Live in Hoboken. It's right across the river from Manhattan, on the Jersey side. It's a nice little European-looking place, and it's a lot cheaper than NYC. You'll be able to see the NYC skyline from your apartment.

Posted by: Michael J. Totten at January 15, 2005 09:36 AM

Grant: Unfortunately, your price range is a little tough - but there are some olptions that might work for you:

(1) As Michael said, try outside of Manhattan - often, the further away you get, the more you'll find. Hoboken, believe it or not, may not work for you but give it a try. But also try Queens, Bronx, other parts of Jersey - it all depends on how you want to live and how far you're willing to commute.

(2) Other options: Criag's List and the Village Voice. This is where you'll find all sorts of weird listings. The most important ones, from your perspective, are the room shares. If you're willing to have a roommate, then everything changes. My cousin and two friends livein Williamsburg, Brooklyn, and each pay about $950 a month, and share a three bedroom. If you have people youo know that you cn live with, great, but if not, try the "live with a stranger" listings noted above. The good things about those, also, is that you get to skip the broker's fees and all of the other crap that comes with signing your own lease, such as having to providea tri-state guarantor.

Hope that helps. If not, feel free to e-mail me, and we can correspond or arrange to talk. (Hey - who says real estate lawyers can't be helpful once in a while).

Posted by: jeremy in NYC at January 15, 2005 09:52 AM

Sorry - that's "Craig's List", obviously. Also, if you go to http://www.curbed.com/ and look at the real estate links on the right side, you'll find (in addition to a lot of cool snarky info on New York real estate) links to those sites, plus some other very helpful sites.

Posted by: jeremy in NYC at January 15, 2005 09:55 AM

Well, at least Michael's missing the freezing rain we're having in the People's Republic of Portland.


Posted by: cardeblu at January 15, 2005 10:25 AM

It's not raining today, but we did get a cold front last night.
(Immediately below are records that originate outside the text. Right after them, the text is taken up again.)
lemma sr_rational_walks:
  assumes "finite X" "X \<subseteq> Y" "p \<in> Y"
    and pomsets: "\<And>p p'. S p p' \<subseteq> Collect is_pomset"
    and rational: "\<And>p p'. p \<in> Y \<Longrightarrow> sr_rational (S p p')"
  shows "sr_rational (pseq_list ` walks S X p p')"
  using assms(1-3)
proof (induction X arbitrary: p p' rule: finite_induct)
  case empty
  have "is_pomset U" if "U \<in> S p p'" for U
    using pomsets that by blast
  then have "pseq_list ` (\<lambda>U. [U]) ` S p p' = (\<lambda>U. U) ` S p p'"
    unfolding image_image by (intro image_cong) (simp_all add: pseq_pone_right)
  then have "pseq_list ` walks S {} p p' = (if p = p' then {pone} else {}) \<union> S p p'"
    by (simp add: walks_empty image_Un)
  then show ?case
    using rational[OF \<open>p \<in> Y\<close>] by (simp add: sr_rational_Un sr_rational_pone sr_rational_empty)
next
  case (insert k X)
  have lists: "walks S X q q' \<subseteq> lists (Collect is_pomset)" for q q'
  proof
    fix Us assume "Us \<in> walks S X q q'"
    then show "Us \<in> lists (Collect is_pomset)"
      by (intro walk_in_lists[where S = S] pomsets) simp
  qed
  have "k \<in> Y" "X \<subseteq> Y"
    using insert.prems by auto
  then show ?case
    unfolding walks_insert image_Un
    by (simp add: lists image_pseq_list_conc image_pseq_list_word_star conc_in_lists word_star_in_lists
        sr_rational_Un sr_rational_lseq sr_rational_lstar insert.IH insert.prems)
qed

definition fork_lang :: "'q set \<Rightarrow> ('q \<Rightarrow> 'a \<Rightarrow> 'q set) \<Rightarrow> ('q \<Rightarrow> 'q multiset \<Rightarrow> 'q set)
    \<Rightarrow> 'q list \<Rightarrow> 'a pomset set" where
  "fork_lang F d g qs = ppar_list ` {Us. list_all2 (\<lambda>q U. U \<in> lang F d g q) qs Us}"

definition step_lang :: "'q set \<Rightarrow> ('q \<Rightarrow> 'a \<Rightarrow> 'q set) \<Rightarrow> ('q \<Rightarrow> 'q multiset \<Rightarrow> 'q set)
    \<Rightarrow> 'q \<Rightarrow> 'q \<Rightarrow> 'a pomset set" where
  "step_lang F d g p p' =
     {patom a | a. p' \<in> d p a} \<union> (\<Union>qs \<in> {qs. p' \<in> g p (mset qs)}. fork_lang F d g qs)"

lemma run_par_list_all2:
  "p' \<in> g p (mset qs) \<Longrightarrow> list_all2 (\<lambda>q U. U \<in> lang F d g q) qs Us \<Longrightarrow> run F d g p (ppar_list Us) p'"
  unfolding list_all2_conv_all_nth lang_def by (auto intro: run_par)

lemma run_is_pomset: "run F d g p U p' \<Longrightarrow> is_pomset U"
proof (induction rule: run.induct)
  case (run_par q' q qs Us)
  show ?case
  proof (rule is_pomset_ppar_list)
    fix U assume "U \<in> set Us"
    then obtain i where "i < length qs" "U = Us ! i"
      using run_par.hyps(2) by (metis in_set_conv_nth)
    with run_par.IH show "is_pomset U"
      by blast
  qed
qed (simp_all add: is_pomset_pone is_pomset_patom is_pomset_pseq)

lemma step_lang_run: "U \<in> step_lang F d g p p' \<Longrightarrow> run F d g p U p'"
  unfolding step_lang_def fork_lang_def by (auto intro: run_atom run_par_list_all2)

lemma step_lang_is_pomset: "step_lang F d g p p' \<subseteq> Collect is_pomset"
proof
  fix U assume "U \<in> step_lang F d g p p'"
  then show "U \<in> Collect is_pomset"
    by (simp add: run_is_pomset[OF step_lang_run])
qed

lemma walk_imp_run: "walk (step_lang F d g) X p Us p' \<Longrightarrow> run F d g p (pseq_list Us) p'"
proof (induction rule: walk.induct)
  case (walk_single U p p')
  then show ?case
    using run_seq[OF step_lang_run run_one] by simp
qed (auto intro: run_one run_seq step_lang_run)

lemma run_imp_walk:
  "run F d g p U p' \<Longrightarrow> \<exists>Us. walk (step_lang F d g) UNIV p Us p' \<and> U = pseq_list Us"
proof (induction rule: run.induct)
  case (run_one q)
  show ?case
    by (intro exI[of _ "[]"]) (simp add: walk_Nil)
next
  case (run_atom q' q a)
  then have "patom a \<in> step_lang F d g q q'"
    unfolding step_lang_def by blast
  then show ?case
    by (intro exI[of _ "[patom a]"]) (simp add: walk_single pseq_pone_right is_pomset_patom)
next
  case (run_seq q U q'' V q')
  then obtain Us Vs where "walk (step_lang F d g) UNIV q Us q''" "U = pseq_list Us"
    "walk (step_lang F d g) UNIV q'' Vs q'" "V = pseq_list Vs"
    by blast
  moreover have "Us \<in> lists (Collect is_pomset)" "Vs \<in> lists (Collect is_pomset)"
    using calculation walk_in_lists[where S = "step_lang F d g", OF _ step_lang_is_pomset] by blast+
  ultimately show ?case
    by (intro exI[of _ "Us @ Vs"]) (simp add: walk_append pseq_list_append)
next
  case (run_par q' q qs Us)
  then have "list_all2 (\<lambda>q U. U \<in> lang F d g q) qs Us"
    unfolding list_all2_conv_all_nth lang_def by auto
  with run_par.hyps(1) have "ppar_list Us \<in> step_lang F d g q q'"
    unfolding step_lang_def fork_lang_def by blast
  moreover from this have "is_pomset (ppar_list Us)"
    by (intro run_is_pomset step_lang_run)
  ultimately show ?case
    by (intro exI[of _ "[ppar_list Us]"]) (simp add: walk_single pseq_pone_right)
qed

lemma run_iff_walk:
  "run F d g p U p' \<longleftrightarrow> (\<exists>Us. walk (step_lang F d g) UNIV p Us p' \<and> U = pseq_list Us)"
proof
  assume "run F d g p U p'"
  then show "\<exists>Us. walk (step_lang F d g) UNIV p Us p' \<and> U = pseq_list Us"
    by (rule run_imp_walk)
next
  assume "\<exists>Us. walk (step_lang F d g) UNIV p Us p' \<and> U = pseq_list Us"
  then show "run F d g p U p'"
    using walk_imp_run by auto
qed

lemma lang_eq_walks: "lang F d g q = (\<Union>p'\<in>F. pseq_list ` walks (step_lang F d g) UNIV q p')"
  unfolding lang_def run_iff_walk by (rule set_eqI) (simp add: image_iff)

lemma supports_step_lang:
  assumes "U \<in> step_lang F d g p m" "supports d g p q"
  shows "supports d g m q"
proof -
  from assms(1) have "(m, p) \<in> supp_step d g"
    unfolding step_lang_def fork_lang_def supp_step_def by auto
  then show ?thesis
    using assms(2) unfolding supports_def by (rule converse_rtrancl_into_rtrancl)
qed

lemma supports_refl: "supports d g q q"
  unfolding supports_def by simp

lemma walks_within_supporters:
  "walks (step_lang F d g) UNIV q p' = walks (step_lang F d g) {p. supports d g p q} q p'"
proof (intro equalityI subsetI CollectI; elim CollectE)
  fix Us assume "walk (step_lang F d g) UNIV q Us p'"
  then have "walk (step_lang F d g) (UNIV \<inter> {p. supports d g p q}) q Us p'"
    by (rule walk_restrict) (auto intro: supports_refl supports_step_lang)
  then show "walk (step_lang F d g) {p. supports d g p q} q Us p'"
    by simp
qed (erule walk_mono, simp)

lemma sr_rational_fork_lang:
  "(\<And>r. r \<in> set qs \<Longrightarrow> sr_rational (lang F d g r)) \<Longrightarrow> sr_rational (fork_lang F d g qs)"
proof (induction qs)
  case Nil
  then show ?case
    by (simp add: fork_lang_def sr_rational_pone)
next
  case (Cons r qs)
  have "fork_lang F d g (r # qs) = lpar (lang F d g r) (fork_lang F d g qs)"
  proof (intro equalityI subsetI)
    fix W assume "W \<in> fork_lang F d g (r # qs)"
    then obtain U Us where "W = ppar U (ppar_list Us)" "U \<in> lang F d g r"
      "list_all2 (\<lambda>q U. U \<in> lang F d g q) qs Us"
      unfolding fork_lang_def list_all2_Cons1 by auto
    then show "W \<in> lpar (lang F d g r) (fork_lang F d g qs)"
      unfolding lpar_def fork_lang_def by blast
  next
    fix W assume "W \<in> lpar (lang F d g r) (fork_lang F d g qs)"
    then obtain U Us where "W = ppar U (ppar_list Us)" "U \<in> lang F d g r"
      "list_all2 (\<lambda>q U. U \<in> lang F d g q) qs Us"
      unfolding lpar_def fork_lang_def by blast
    then show "W \<in> fork_lang F d g (r # qs)"
      unfolding fork_lang_def by (intro image_eqI[of _ _ "U # Us"]) simp_all
  qed
  with Cons show ?case
    by (simp add: sr_rational_lpar)
qed

lemma finite_fork_lists:
  assumes "pomset_automaton g"
  shows "finite {qs :: 'q::finite list. p' \<in> g p (mset qs)}"
proof -
  have "finite {\<phi>. g p \<phi> \<noteq> {}}"
    using assms unfolding pomset_automaton_def by blast
  then have "finite (\<Union>\<phi>\<in>{\<phi>. g p \<phi> \<noteq> {}}. {qs :: 'q list. set qs \<subseteq> UNIV \<and> length qs = size \<phi>})"
    by (intro finite_UN_I finite_lists_length_eq) simp_all
  then show ?thesis
    by (rule finite_subset[rotated]) auto
qed

lemma sr_rational_step_lang:
  fixes d :: "'q::finite \<Rightarrow> 'a::finite \<Rightarrow> 'q set"
  assumes "pomset_automaton g"
    and forks: "\<And>\<phi> r. g p \<phi> \<noteq> {} \<Longrightarrow> r \<in># \<phi> \<Longrightarrow> sr_rational (lang F d g r)"
  shows "sr_rational (step_lang F d g p p')"
proof -
  have "{patom a | a. p' \<in> d p a} = (\<Union>a\<in>{a. p' \<in> d p a}. {patom a})"
    by blast
  then have "sr_rational {patom a | a. p' \<in> d p a}"
    by (simp add: sr_rational_UN sr_rational_patom)
  moreover have "sr_rational (\<Union>qs \<in> {qs. p' \<in> g p (mset qs)}. fork_lang F d g qs)"
    using finite_fork_lists[OF assms(1)] by (auto intro!: sr_rational_UN sr_rational_fork_lang forks)
  ultimately show ?thesis
    unfolding step_lang_def by (rule sr_rational_Un)
qed

lemma card_supporters_fork_less:
  fixes d :: "'q::finite \<Rightarrow> 'a \<Rightarrow> 'q set"
  assumes "fork_acyclic d g" "supports d g p q" "g p \<phi> \<noteq> {}" "r \<in># \<phi>"
  shows "card {x. supports d g x r} < card {x. supports d g x q}"
proof (rule psubset_card_mono)
  have "(r, p) \<in> supp_step d g"
    unfolding supp_step_def using assms(3,4) by blast
  then have "supports d g r q"
    using assms(2) unfolding supports_def by (rule converse_rtrancl_into_rtrancl)
  then have "{x. supports d g x r} \<subseteq> {x. supports d g x q}"
    unfolding supports_def by auto
  moreover have "\<not> supports d g q r"
  proof
    assume "supports d g q r"
    with assms(2) have "supports d g p r"
      unfolding supports_def by auto
    with assms(1,3,4) show False
      unfolding fork_acyclic_def by blast
  qed
  then have "q \<notin> {x. supports d g x r}"
    by simp
  moreover have "q \<in> {x. supports d g x q}"
    by (simp add: supports_refl)
  ultimately show "{x. supports d g x r} \<subset> {x. supports d g x q}"
    by blast
qed simp

theorem theorem8p4:
  fixes F :: "'q::finite set"
    and d :: "'q \<Rightarrow> 'a::finite \<Rightarrow> 'q set"
    and g :: "'q \<Rightarrow> 'q multiset \<Rightarrow> 'q set"
  assumes "pomset_automaton g"
    and "fork_acyclic d g"
  shows "\<forall>q. \<exists>e :: 'a srexp. sem e = lang F d g q"
proof
  fix q
  show "\<exists>e :: 'a srexp. sem e = lang F d g q"
    unfolding sr_rational_def[symmetric]
  proof (induction q rule: measure_induct_rule[where f = "\<lambda>q. card {x. supports d g x q}"])
    case (less q)
    have steps: "sr_rational (step_lang F d g p p')" if "p \<in> {p. supports d g p q}" for p p'
      using assms(1) by (rule sr_rational_step_lang)
        (use that in \<open>blast intro: less card_supporters_fork_less[OF assms(2)]\<close>)
    have "sr_rational (pseq_list ` walks (step_lang F d g) {p. supports d g p q} q p')" for p'
      by (rule sr_rational_walks[OF finite subset_refl _ step_lang_is_pomset steps]) (simp add: supports_refl)
    then show ?case
      unfolding lang_eq_walks walks_within_supporters by (simp add: sr_rational_UN)
  qed
qed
Brrrrr.
That's why we're not going to search out the Uzbeki restaurant in Rego Park.

Posted by: Yehudit at January 15, 2005 12:45 PM

Well, everyone sure is being nice to each other!
(I'm smiling, not sneering!)
I'm also curious. In Melbourne, Australia, I pay AU$900 per month for a one-bedroom semi-detached cottage with a view of a carpark, three massive garbage bins and the backside of a petrol station. But I'm in the middle of the cafe/bar/shopping precinct of north Melbourne, and I can walk to the city centre in 20 minutes.
AU$900 is approximately 30 per cent of my take-home wage, and I pay utilities on top of that.
Is it about the same for people who live within walking distance of a major city in America?

Posted by: Fish at January 16, 2005 03:15 AM

Man I wish I could be there! At least it's sunny in No. California today, but I'm really ready to go to NYC again soon.

Posted by: d-rod at January 16, 2005 12:35 PM

Oh, God - I'm getting truly ancient. I knew Steve Silver's mom long before she was pregnant with him - and now he's a successful writer in NYC??

Hardly seems possible - but I'm glad to hear that a favorite blogger of mine met Steve and he's doing well.

Even if it does make me feel O-L-D!

Posted by: Peg K at January 16, 2005 11:15 PM

Grant, not Hoboken. I lived there, and currently live in Brooklyn. Email me if you want the brutal details.

(Apologies Michael.)


Posted by: Mark Poling at January 17, 2005 12:14 AM


What's wrong with Hoboken? I've never lived there, so I don't know. Fill me in? I may end up in the NYC area someday and might need to know.

Posted by: Michael J. Totten at January 17, 2005 01:52 AM

Speaking of New York City, is the local news there giving the bloody massacre in Jersey City very much coverage?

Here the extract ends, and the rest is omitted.